Regarding the creation of incident cases, Azure DevOps can be used to record and manage them by automatically creating Work Items. Of course, I believe that project management on the market with boards / kanban, such as Jira, can certainly achieve the same functionality. This can be evaluated independently.
TTE (Time to Engage)

The Swiss cheese model of accident causation illustrates that, although many layers of defense lie between hazards and accidents, there are flaws in each layer that, if aligned, can allow the accident to occur. In this diagram, three hazard vectors are stopped by the defenses, but one passes through where the "holes" are lined up.
This is the most time-consuming part of the entire process. In pratice, it is usually the responsible engineers who collect information and analze a large volume of logs.

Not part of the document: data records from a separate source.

text \<open>The hyperring is the whole type 'a. The m-ary hyperoperation h is applied
to lists of length m, the n-ary operation k to lists of length n.
z is the zero of (H,h), e the scalar identity 1_H.\<close>

definition hset :: "('a list \<Rightarrow> 'a set) \<Rightarrow> 'a set list \<Rightarrow> 'a set" where
  "hset h As = \<Union> {h xs | xs. list_all2 (\<in>) xs As}"

definition hinv :: "nat \<Rightarrow> ('a list \<Rightarrow> 'a set) \<Rightarrow> 'a \<Rightarrow> 'a \<Rightarrow> 'a" where
  "hinv m h z x = (THE y. z \<in> h (x # y # replicate (m - 2) z))"

definition canonical_hypergroup :: "nat \<Rightarrow> ('a list \<Rightarrow> 'a set) \<Rightarrow> 'a \<Rightarrow> bool" where
  "canonical_hypergroup m h z \<longleftrightarrow>
     m \<ge> 2 \<and>
     (\<forall>xs. length xs = m \<longrightarrow> h xs \<noteq> {}) \<and>
     (\<forall>xs i j. length xs = 2 * m - 1 \<and> i < m \<and> j < m \<longrightarrow>
        hset h (map (\<lambda>x. {x}) (take i xs) @ [h (take m (drop i xs))] @ map (\<lambda>x. {x}) (drop (i + m) xs))
      = hset h (map (\<lambda>x. {x}) (take j xs) @ [h (take m (drop j xs))] @ map (\<lambda>x. {x}) (drop (j + m) xs))) \<and>
     (\<forall>xs ys. length xs = m \<and> mset xs = mset ys \<longrightarrow> h xs = h ys) \<and>
     (\<forall>x. h (x # replicate (m - 1) z) = {x}) \<and>
     (\<forall>z'. (\<forall>x. h (x # replicate (m - 1) z') = {x}) \<longrightarrow> z' = z) \<and>
     (\<forall>x. \<exists>!y. z \<in> h (x # y # replicate (m - 2) z)) \<and>
     (\<forall>x xs i. length xs = m \<and> i < m \<and> x \<in> h xs \<longrightarrow>
        xs ! i \<in> h ((map (hinv m h z) xs)[i := x]))"

definition krasner_hyperring ::
  "nat \<Rightarrow> nat \<Rightarrow> ('a list \<Rightarrow> 'a set) \<Rightarrow> ('a list \<Rightarrow> 'a) \<Rightarrow> 'a \<Rightarrow> 'a \<Rightarrow> bool" where
  "krasner_hyperring m n h k z e \<longleftrightarrow>
     canonical_hypergroup m h z \<and> n \<ge> 2 \<and>
     (\<forall>xs i j. length xs = 2 * n - 1 \<and> i < n \<and> j < n \<longrightarrow>
        k (take i xs @ [k (take n (drop i xs))] @ drop (i + n) xs)
      = k (take j xs @ [k (take n (drop j xs))] @ drop (j + n) xs)) \<and>
     (\<forall>xs ys. length xs = n \<and> mset xs = mset ys \<longrightarrow> k xs = k ys) \<and>
     (\<forall>xs ys i. length xs = n \<and> length ys = m \<and> i < n \<longrightarrow>
        (\<lambda>y. k (xs[i := y])) ` h ys = h (map (\<lambda>y. k (xs[i := y])) ys)) \<and>
     (\<forall>xs. length xs = n - 1 \<longrightarrow> k (z # xs) = z) \<and>
     (\<forall>x. k (x # replicate (n - 1) e) = x)"

definition hyperideal ::
  "nat \<Rightarrow> nat \<Rightarrow> ('a list \<Rightarrow> 'a set) \<Rightarrow> ('a list \<Rightarrow> 'a) \<Rightarrow> 'a \<Rightarrow> 'a set \<Rightarrow> bool" where
  "hyperideal m n h k z I \<longleftrightarrow>
     I \<noteq> {} \<and>
     (\<forall>xs. length xs = m \<and> set xs \<subseteq> I \<longrightarrow> h xs \<subseteq> I) \<and>
     (\<forall>x\<in>I. hinv m h z x \<in> I) \<and>
     (\<forall>xs i. length xs = n \<and> i < n \<and> xs ! i \<in> I \<longrightarrow> k xs \<in> I)"

definition endomorphism ::
  "nat \<Rightarrow> nat \<Rightarrow> ('a list \<Rightarrow> 'a set) \<Rightarrow> ('a list \<Rightarrow> 'a) \<Rightarrow> 'a \<Rightarrow> ('a \<Rightarrow> 'a) \<Rightarrow> bool" where
  "endomorphism m n h k e \<theta> \<longleftrightarrow>
     (\<forall>xs. length xs = m \<longrightarrow> \<theta> ` h xs = h (map \<theta> xs)) \<and>
     (\<forall>xs. length xs = n \<longrightarrow> \<theta> (k xs) = k (map \<theta> xs)) \<and>
     \<theta> e = e"

text \<open>k_(l)(u_1^r) for r = l(n-1)+1 (k_(0) of a single element is that element).\<close>
fun kl :: "nat \<Rightarrow> ('a list \<Rightarrow> 'a) \<Rightarrow> nat \<Rightarrow> 'a list \<Rightarrow> 'a" where
  "kl n k 0 xs = hd xs"
| "kl n k (Suc l) xs =
     k (kl n k l (take (length xs - (n - 1)) xs) # drop (length xs - (n - 1)) xs)"

definition hrad :: "nat \<Rightarrow> ('a list \<Rightarrow> 'a) \<Rightarrow> 'a \<Rightarrow> 'a set \<Rightarrow> 'a set" where
  "hrad n k e E = {u. (\<exists>r. 1 \<le> r \<and> r \<le> n \<and> k (replicate r u @ replicate (n - r) e) \<in> E)
                   \<or> (\<exists>l. l * (n - 1) + 1 > n \<and> kl n k l (replicate (l * (n - 1) + 1) u) \<in> E)}"

definition endo_primary ::
  "nat \<Rightarrow> nat \<Rightarrow> ('a list \<Rightarrow> 'a set) \<Rightarrow> ('a list \<Rightarrow> 'a) \<Rightarrow> 'a \<Rightarrow> 'a \<Rightarrow> ('a \<Rightarrow> 'a) \<Rightarrow> 'a set \<Rightarrow> bool" where
  "endo_primary m n h k z e \<theta> E \<longleftrightarrow>
     hyperideal m n h k z E \<and> E \<noteq> UNIV \<and>
     (\<forall>us. length us = n \<and> k us \<in> E \<longrightarrow>
        (\<exists>i<n. us ! i \<in> E \<or> \<theta> (k (us[i := e])) \<in> hrad n k e E))"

However, with the advancement of AI, information collection and preliminary assessments are now being carried out through AI, provding references for subsequent engineers. Microsoft has attempted to adopt AIOps technology to optimize the Triangle System - Optimizing incident management with AIOps using the Triangle System. And Google has also launched kubectl-ai for Kubernetes to help administrators more quickly identify and provide solutions.
As data collection becomes more refined, I personally am quite optimistic that AIOps can help many administrator reduce operational pressure. However, the accompanying issue is as humans, How caa we continously cultivate talent to enable them to identify which solution is best for customers or users?
TTD (Time to Fix)

No matter if its a reboot, update, rebuild, hot patch or rollback, it's a solution because, for users, they don't care how you fix it - the key is that the service is restored to normal.
Assuming it's a reboot or rollback, the TTF time shouldn't be too long. In other situations, it might take a very long time, and at that point, alternative solutions MUST BE sought to mitigate the incident
TTN (Time to Notify)

This notification target could be users, customers or your boss. It is recommend to have a single point of contact to provide them with regular and contiinuous updates on information.
The key point of the feedback with users are
- Explain alternative solutions
- Ensure transparency in progress handling
- Provide information about the next steps.
To ensure that engineers can focus on completing repair tasks, it is more sutiable to have dedicated person handle communication, which is usually carried out by a Technical Account Manager (TAM) or Customer Success Account Manager (CSAM).
Phil's Memo
Microsoft Reactor - Azure Incident Retrospectives
Although having an incident is not a good thing, the interesting part is that Microsoft Azure is willing to conduct a restrospective for Azure incident, not only documenting it on Azure Status Histor but also recording the discussion and publicly sharing record on YouTube.